COMP 295 Topics in Computer Science

Automation: Politics and Aesthetics

In the course “Automation: Politics and Aesthetics” students will examine “automation” in capacious historical, geographical, and conceptual senses. In dominant United States-based discussions of these today automation is described as something that is produced by Silicon Valley, or happens to “American” workers, or takes place in direct interfaces between a “user” and a “computer.” The course will instead meet Occidental’s Global Connectionsrequirement that students “develop a global, transnational and/or comparative understanding” by asking them to reconsider both the geographies of automation as well as the artists and theorists who have put automation at the center of their work. One of the course’s guides for this will be Kate Crawford who in the book Atlas of AI and the art work Anatomy of AI (with Vladan Joler) shows how immediate AI interfaces actually mobilize global infrastructures. We will also look at work by, for example, Louis Chude-Sokei about how 19th popular culture compared early automatons and enslaved African Diasporic peoples, as well as how contemporary artists like the Raqs Media Collective, or filmmakers Saul Williams and Anisia Uzeyman and their movie Neptune Frost, look at how automation involves contemporary factory workers in South Asia as well as coltan miners and computer programers in East Africa. Alongside this, the course will look at how automation has been the focus of work by U.S.-based artists and theorists of the 1960s and today like Robert Morris and Anika Yi, and Shulamith Firestone, Neda Atanasoski, and Kalindi Vora, andin doing so ask students to make connections between the local and the global and the present and the past, and to consider how “automation” is always connected to questions of social difference and economics.

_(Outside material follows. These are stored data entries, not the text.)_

(* Let $n\ge 3$ and let $S$ be a double-$n$ string with diameter $d<n/2$, whose symbols are labeled $1,\dots,n$ in the order of their first occurrence in $S$. For $1\le i\le d+1$, let $r_i$ be the number of symbols $j\neq i$ such that each of the two occurrences of $j$ lies at position-distance at most $d$ from some occurrence of $i$. Then $r_i \le 3d+i-n$.
   Context: A double-$n$ string is a string of length $2n$ over an alphabet of $n$ symbols in which each symbol appears exactly twice. Positions in the string are numbered $1,\dots,2n$; the position-distance between two entries is the absolute difference of their positions. The distance between two distinct symbols is the minimum position-distance between an occurrence of the first and an occurrence of the second. The diameter of a double-$n$ string is the maximum of the distance over all pairs of distinct symbols. *)

theory Defs
  imports Main
begin

text \<open>A string of length 2n is a function s on positions 1..2n; symbols are 1..n.\<close>

definition occ :: "nat \<Rightarrow> (nat \<Rightarrow> nat) \<Rightarrow> nat \<Rightarrow> nat set" where
  "occ n s a = {p \<in> {1..2*n}. s p = a}"

definition double_string :: "nat \<Rightarrow> (nat \<Rightarrow> nat) \<Rightarrow> bool" where
  "double_string n s \<longleftrightarrow> (\<forall>p \<in> {1..2*n}. s p \<in> {1..n}) \<and> (\<forall>a \<in> {1..n}. card (occ n s a) = 2)"

definition pdist :: "nat \<Rightarrow> nat \<Rightarrow> nat" where
  "pdist p q = nat \<bar>int p - int q\<bar>"

definition symdist :: "nat \<Rightarrow> (nat \<Rightarrow> nat) \<Rightarrow> nat \<Rightarrow> nat \<Rightarrow> nat" where
  "symdist n s a b = Min {pdist p q | p q. p \<in> occ n s a \<and> q \<in> occ n s b}"

definition diameter :: "nat \<Rightarrow> (nat \<Rightarrow> nat) \<Rightarrow> nat" where
  "diameter n s = Max {symdist n s a b | a b. a \<in> {1..n} \<and> b \<in> {1..n} \<and> a \<noteq> b}"

definition first_occ_ordered :: "nat \<Rightarrow> (nat \<Rightarrow> nat) \<Rightarrow> bool" where
  "first_occ_ordered n s \<longleftrightarrow>
     (\<forall>a \<in> {1..n}. \<forall>b \<in> {1..n}. a < b \<longrightarrow> Min (occ n s a) < Min (occ n s b))"

definition r_count :: "nat \<Rightarrow> (nat \<Rightarrow> nat) \<Rightarrow> nat \<Rightarrow> nat \<Rightarrow> nat" where
  "r_count n s d i = card {j \<in> {1..n}. j \<noteq> i \<and>
      (\<forall>q \<in> occ n s j. \<exists>p \<in> occ n s i. pdist p q \<le> d)}"

end

theory Submission
  imports Defs
begin

text \<open>
  Let \<open>p\<^sub>1 < p\<^sub>2\<close> be the occurrences of \<open>i\<close>. No symbol can occur twice before \<open>p\<^sub>1\<close>:
  otherwise all \<open>n - i \<ge> d\<close> symbols larger than \<open>i\<close>, which first occur after \<open>p\<^sub>1\<close>,
  would have to fit into the \<open>d - 1\<close> positions strictly between \<open>p\<^sub>1\<close> and \<open>p\<^sub>1 + d\<close>.
  As all symbols before \<open>p\<^sub>1\<close> are smaller than \<open>i\<close>, this gives \<open>p\<^sub>1 \<le> i\<close>.
  Now count the positions within distance \<open>d\<close> of an occurrence of \<open>i\<close>: there are at most
  \<open>(i - 1) + (d + 1) + (2d + 1)\<close> of them, while every symbol contributes at least one such
  position and \<open>i\<close> as well as each of the \<open>r\<^sub>i\<close> counted symbols contributes two.
\<close>

lemma occ_subset: "occ n s a \<subseteq> {1..2*n}"
  unfolding occ_def by auto

lemma finite_occ [simp]: "finite (occ n s a)"
  by (rule finite_subset[OF occ_subset]) simp

lemma mem_occ_self: "p \<in> {1..2*n} \<Longrightarrow> p \<in> occ n s (s p)"
  unfolding occ_def by auto

lemma double_string_symbol:
  "double_string n s \<Longrightarrow> p \<in> {1..2*n} \<Longrightarrow> s p \<in> {1..n}"
  unfolding double_string_def by auto

lemma double_string_card_occ:
  "double_string n s \<Longrightarrow> a \<in> {1..n} \<Longrightarrow> card (occ n s a) = 2"
  unfolding double_string_def by auto

lemma double_string_occ_pair:
  assumes "double_string n s" "a \<in> {1..n}"
  obtains p q where "p < q" "occ n s a = {p, q}"
proof -
  obtain x y where xy: "occ n s a = {x, y}" "x \<noteq> y"
    using double_string_card_occ[OF assms] by (auto simp: card_2_iff)
  show ?thesis
    using that[of x y] that[of y x] xy by (cases "x < y") (auto simp: insert_commute)
qed

lemma double_string_occ_nonempty:
  "double_string n s \<Longrightarrow> a \<in> {1..n} \<Longrightarrow> occ n s a \<noteq> {}"
  by (metis double_string_card_occ card.empty zero_neq_numeral)

lemma pdist_le_iff: "pdist p q \<le> d \<longleftrightarrow> p \<le> q + d \<and> q \<le> p + d"
  unfolding pdist_def by auto

lemma symdist_le_diameter:
  assumes "a \<in> {1..n}" "b \<in> {1..n}" "a \<noteq> b"
  shows "symdist n s a b \<le> diameter n s"
proof -
  have "{symdist n s a b | a b. a \<in> {1..n} \<and> b \<in> {1..n} \<and> a \<noteq> b}
          \<subseteq> (\<lambda>(a, b). symdist n s a b) ` ({1..n} \<times> {1..n})"
    by auto
  then have "finite {symdist n s a b | a b. a \<in> {1..n} \<and> b \<in> {1..n} \<and> a \<noteq> b}"
    by (rule finite_subset) simp
  then show ?thesis
    unfolding diameter_def using assms by (intro Max_ge) auto
qed

lemma symdist_attained:
  assumes "double_string n s" "a \<in> {1..n}" "b \<in> {1..n}"
  obtains p q where "p \<in> occ n s a" "q \<in> occ n s b" "pdist p q = symdist n s a b"
proof -
  let ?P = "{pdist p q | p q. p \<in> occ n s a \<and> q \<in> occ n s b}"
  have "?P \<subseteq> (\<lambda>(p, q). pdist p q) ` (occ n s a \<times> occ n s b)"
    by auto
  then have "finite ?P"
    by (rule finite_subset) simp
  moreover have "?P \<noteq> {}"
    using double_string_occ_nonempty[OF assms(1,2)] double_string_occ_nonempty[OF assms(1,3)]
    by blast
  ultimately have "symdist n s a b \<in> ?P"
    unfolding symdist_def by (rule Min_in)
  then obtain p q where "p \<in> occ n s a" "q \<in> occ n s b" "pdist p q = symdist n s a b"
    by force
  then show ?thesis
    by (rule that)
qed

lemma double_string_close_occurrences:
  assumes "double_string n s" "a \<in> {1..n}" "b \<in> {1..n}" "a \<noteq> b" "diameter n s \<le> d"
  obtains p q where "p \<in> occ n s a" "q \<in> occ n s b" "pdist p q \<le> d"
proof -
  obtain p q where pq: "p \<in> occ n s a" "q \<in> occ n s b" "pdist p q = symdist n s a b"
    using symdist_attained[OF assms(1-3)] .
  have "pdist p q \<le> d"
    using pq(3) symdist_le_diameter[OF assms(2-4), of s] assms(5) by simp
  with pq(1,2) show ?thesis
    by (rule that)
qed

lemma first_occ_ordered_less:
  assumes "first_occ_ordered n s" "a \<in> {1..n}" "b \<in> {1..n}" "a < b" "q \<in> occ n s b"
  shows "Min (occ n s a) < q"
proof -
  have "Min (occ n s a) < Min (occ n s b)"
    using assms(1-4) unfolding first_occ_ordered_def by blast
  also have "Min (occ n s b) \<le> q"
    using assms(5) by simp
  finally show ?thesis .
qed

lemma symbol_before_first_occ_less:
  assumes "double_string n s" "first_occ_ordered n s" "a \<in> {1..n}"
    and "p \<in> {1..2*n}" "p < Min (occ n s a)"
  shows "s p < a"
proof (rule ccontr)
  assume "\<not> s p < a"
  moreover have "s p \<noteq> a"
    using assms(5) Min_le[OF finite_occ mem_occ_self[OF assms(4), of s]] by auto
  ultimately have "a < s p"
    by simp
  then show False
    using first_occ_ordered_less[OF assms(2,3) double_string_symbol[OF assms(1,4)] _
          mem_occ_self[OF assms(4)]] assms(5) by simp
qed

text \<open>A symbol after \<open>a\<close> must come within distance \<open>d\<close> of \<open>j\<close>, whose occurrences both precede
  the first occurrence of \<open>a\<close>.\<close>

lemma later_symbols_in_window:
  assumes "double_string n s" "first_occ_ordered n s" "diameter n s \<le> d"
    and "a \<in> {1..n}" "j \<in> {1..n}" "j < a"
    and "\<forall>q\<in>occ n s j. q < Min (occ n s a)"
  shows "{a+1..n} \<subseteq> s ` {Min (occ n s a)<..<Min (occ n s a) + d}"
proof
  fix k
  assume k: "k \<in> {a+1..n}"
  then have "k \<in> {1..n}" "j \<noteq> k"
    using assms(6) by auto
  then obtain x y where xy: "x \<in> occ n s j" "y \<in> occ n s k" "pdist x y \<le> d"
    using double_string_close_occurrences[OF assms(1,5)] assms(3) by metis
  have "Min (occ n s a) < y"
    using first_occ_ordered_less[OF assms(2,4) \<open>k \<in> {1..n}\<close> _ xy(2)] k by simp
  moreover have "y < Min (occ n s a) + d"
    using xy(3) assms(7) xy(1) calculation unfolding pdist_le_iff by fastforce
  moreover have "s y = k"
    using xy(2) unfolding occ_def by simp
  ultimately show "k \<in> s ` {Min (occ n s a)<..<Min (occ n s a) + d}"
    by (intro rev_image_eqI[of y]) auto
qed

lemma inj_on_before_first_occ:
  assumes "double_string n s" "first_occ_ordered n s" "diameter n s \<le> d"
    and "a \<in> {1..n}" "a < n" "d + a \<le> n"
  shows "inj_on s {1..<Min (occ n s a)}"
proof (rule inj_onI, rule ccontr)
  let ?m = "Min (occ n s a)"
  have m: "?m \<in> {1..2*n}"
    using Min_in[OF finite_occ double_string_occ_nonempty[OF assms(1,4)]] occ_subset by blast
  fix p q
  assume pq: "p \<in> {1..<?m}" "q \<in> {1..<?m}" "s p = s q" "p \<noteq> q"
  let ?j = "s p"
  have pq_range: "p \<in> {1..2*n}" "q \<in> {1..2*n}"
    using pq m by auto
  have j: "?j \<in> {1..n}" "?j < a"
    using pq pq_range double_string_symbol[OF assms(1)]
          symbol_before_first_occ_less[OF assms(1,2,4)] by auto
  have "p \<in> occ n s ?j" "q \<in> occ n s ?j"
    using mem_occ_self[where s = s, OF pq_range(1)] mem_occ_self[where s = s, OF pq_range(2)] pq(3)
    by simp_all
  then have "{p, q} = occ n s ?j"
    using double_string_card_occ[OF assms(1) j(1)] pq(4) by (intro card_subset_eq) auto
  then have "\<forall>x\<in>occ n s ?j. x < ?m"
    using pq by auto
  then have "card {a+1..n} \<le> card (s ` {?m<..<?m + d})"
    using later_symbols_in_window[OF assms(1-4) j] by (intro card_mono) auto
  also have "\<dots> \<le> card {?m<..<?m + d}"
    by (rule card_image_le) simp
  finally show False
    using assms(5,6) by simp
qed

lemma first_occ_le:
  assumes "double_string n s" "first_occ_ordered n s" "diameter n s \<le> d"
    and "a \<in> {1..n}" "a < n" "d + a \<le> n"
  shows "Min (occ n s a) \<le> a"
proof -
  let ?m = "Min (occ n s a)"
  have m: "?m \<in> {1..2*n}"
    using Min_in[OF finite_occ double_string_occ_nonempty[OF assms(1,4)]] occ_subset by blast
  have "s ` {1..<?m} \<subseteq> {1..<a}"
    using m double_string_symbol[OF assms(1)] symbol_before_first_occ_less[OF assms(1,2,4)]
    by fastforce
  then have "card (s ` {1..<?m}) \<le> card {1..<a}"
    by (intro card_mono) auto
  then have "?m - 1 \<le> a - 1"
    using card_image[OF inj_on_before_first_occ[OF assms]] by simp
  then show ?thesis
    using m assms(4) by auto
qed

definition nbhd :: "nat \<Rightarrow> (nat \<Rightarrow> nat) \<Rightarrow> nat \<Rightarrow> nat \<Rightarrow> nat set" where
  "nbhd n s d a = {q \<in> {1..2*n}. \<exists>p\<in>occ n s a. pdist p q \<le> d}"

lemma nbhd_subset: "nbhd n s d a \<subseteq> {1..2*n}"
  unfolding nbhd_def by auto

lemma card_nbhd_le:
  assumes "occ n s a = {p\<^sub>1, p\<^sub>2}" "p\<^sub>1 < p\<^sub>2"
  shows "card (nbhd n s d a) \<le> (p\<^sub>1 - 1) + (d + 1) + (2*d + 1)"
proof -
  have "nbhd n s d a \<subseteq> {1..<p\<^sub>1} \<union> {p\<^sub>1..p\<^sub>1+d} \<union> {p\<^sub>2-d..p\<^sub>2+d}"
    using assms unfolding nbhd_def pdist_le_iff by auto
  then have "card (nbhd n s d a) \<le> card ({1..<p\<^sub>1} \<union> {p\<^sub>1..p\<^sub>1+d} \<union> {p\<^sub>2-d..p\<^sub>2+d})"
    by (intro card_mono) auto
  also have "\<dots> \<le> card {1..<p\<^sub>1} + card {p\<^sub>1..p\<^sub>1+d} + card {p\<^sub>2-d..p\<^sub>2+d}"
    by (meson add_mono card_Un_le le_trans order_refl)
  finally show ?thesis
    by simp
qed

lemma double_string_card_eq_sum:
  assumes "double_string n s" "A \<subseteq> {1..2*n}"
  shows "card A = (\<Sum>a\<in>{1..n}. card (A \<inter> occ n s a))"
proof -
  have "A = (\<Union>a\<in>{1..n}. A \<inter> occ n s a)"
  proof (intro equalityI subsetI)
    fix q
    assume "q \<in> A"
    then have "q \<in> A \<inter> occ n s (s q)" "s q \<in> {1..n}"
      using assms double_string_symbol mem_occ_self[of q n s] by auto
    then show "q \<in> (\<Union>a\<in>{1..n}. A \<inter> occ n s a)"
      by blast
  qed auto
  also have "card \<dots> = (\<Sum>a\<in>{1..n}. card (A \<inter> occ n s a))"
    by (rule card_UN_disjoint) (auto simp: occ_def)
  finally show ?thesis .
qed

lemma card_nbhd_ge:
  assumes "double_string n s" "diameter n s \<le> d" "a \<in> {1..n}"
  shows "n + r_count n s d a + 1 \<le> card (nbhd n s d a)"
proof -
  define R where "R = {j \<in> {1..n}. j \<noteq> a \<and> (\<forall>q\<in>occ n s j. \<exists>p\<in>occ n s a. pdist p q \<le> d)}"
  let ?N = "nbhd n s d a"
  let ?c = "\<lambda>b. card (?N \<inter> occ n s b)"
  have R: "insert a R \<subseteq> {1..n}" "a \<notin> R" "finite R"
    using assms(3) unfolding R_def by auto
  have covered: "?c b = 2" if "b \<in> insert a R" for b
  proof -
    have "occ n s b \<subseteq> ?N"
    proof (cases "b = a")
      case True
      have "pdist x x \<le> d" for x
        unfolding pdist_def by simp
      then show ?thesis
        using True occ_subset[of n s a] unfolding nbhd_def by blast
    next
      case False
      then show ?thesis
        using that occ_subset[of n s b] unfolding nbhd_def R_def by auto
    qed
    moreover have "b \<in> {1..n}"
      using that R(1) by blast
    ultimately show ?thesis
      using double_string_card_occ[OF assms(1)] by (simp add: Int_absorb1)
  qed
  have hit: "1 \<le> ?c b" if b: "b \<in> {1..n}" for b
  proof (cases "b = a")
    case True
    then show ?thesis
      using covered by simp
  next
    case False
    then obtain p q where "p \<in> occ n s a" "q \<in> occ n s b" "pdist p q \<le> d"
      using double_string_close_occurrences[OF assms(1,3) b _ assms(2)] False by blast
    then have "q \<in> ?N \<inter> occ n s b"
      using occ_subset unfolding nbhd_def by blast
    then show ?thesis
      by (simp add: Suc_le_eq card_gt_0_iff) blast
  qed
  have "(\<Sum>b\<in>insert a R. ?c b) = 2 * card (insert a R)"
    using covered by simp
  moreover have "card ({1..n} - insert a R) = n - card (insert a R)"
    using card_Diff_subset[OF _ R(1)] R(3) by simp
  ultimately have "2 * card (insert a R) + (n - card (insert a R))
          = (\<Sum>b\<in>insert a R. ?c b) + card ({1..n} - insert a R)"
    by simp
  also have "\<dots> \<le> (\<Sum>b\<in>insert a R. ?c b) + (\<Sum>b\<in>{1..n} - insert a R. ?c b)"
    using hit sum_mono[of "{1..n} - insert a R" "\<lambda>_. 1" ?c] by simp
  also have "\<dots> = (\<Sum>b\<in>{1..n}. ?c b)"
    using sum.subset_diff[OF R(1) finite_atLeastAtMost, of ?c] by (simp add: add.commute)
  also have "\<dots> = card ?N"
    using double_string_card_eq_sum[OF assms(1) nbhd_subset] by simp
  finally have "n + card (insert a R) \<le> card ?N"
    using card_mono[OF finite_atLeastAtMost R(1)] by simp
  then show ?thesis
    using R(2,3) unfolding r_count_def R_def[symmetric] by simp
qed

theorem lemma3p4:
  fixes n d i :: nat and s :: "nat \<Rightarrow> nat"
  assumes "n \<ge> 3"
    and "double_string n s"
    and "first_occ_ordered n s"
    and "d = diameter n s"
    and "2 * d < n"
    and "1 \<le> i" and "i \<le> d + 1"
  shows "int (r_count n s d i) \<le> 3 * int d + int i - int n"
proof -
  have i: "i \<in> {1..n}" "i < n" "d + i \<le> n"
    using assms by auto
  obtain p\<^sub>1 p\<^sub>2 where p: "p\<^sub>1 < p\<^sub>2" "occ n s i = {p\<^sub>1, p\<^sub>2}"
    using double_string_occ_pair[OF assms(2) i(1)] .
  have "p\<^sub>1 \<le> i"
    using first_occ_le[OF assms(2,3) _ i] assms(4) p by simp
  moreover have "p\<^sub>1 \<ge> 1"
    using p(2) occ_subset[of n s i] by auto
  moreover have "n + r_count n s d i + 1 \<le> (p\<^sub>1 - 1) + (d + 1) + (2*d + 1)"
    using card_nbhd_ge[OF assms(2) _ i(1), of d] card_nbhd_le[OF p(2,1), of d] assms(4)
    by simp
  ultimately show ?thesis
    by linarith
qed

end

Additional Core Requirement met: Global Connections.  Same as ARTH 295 with the same subtitle.

 

Computing in Real Life Internship

Students will work with LA-based non-profits such as STEAM:CODERS, a Pasadena-based organization that teaches local middle and high school students to program, or the Association for Women in Mathematics, a national organization that promotes women in computation. Students will complete weekly reflection papers and a final presentation describing what they have learned about computation IRL.  Open only to students enrolled in the Computing IRL semester.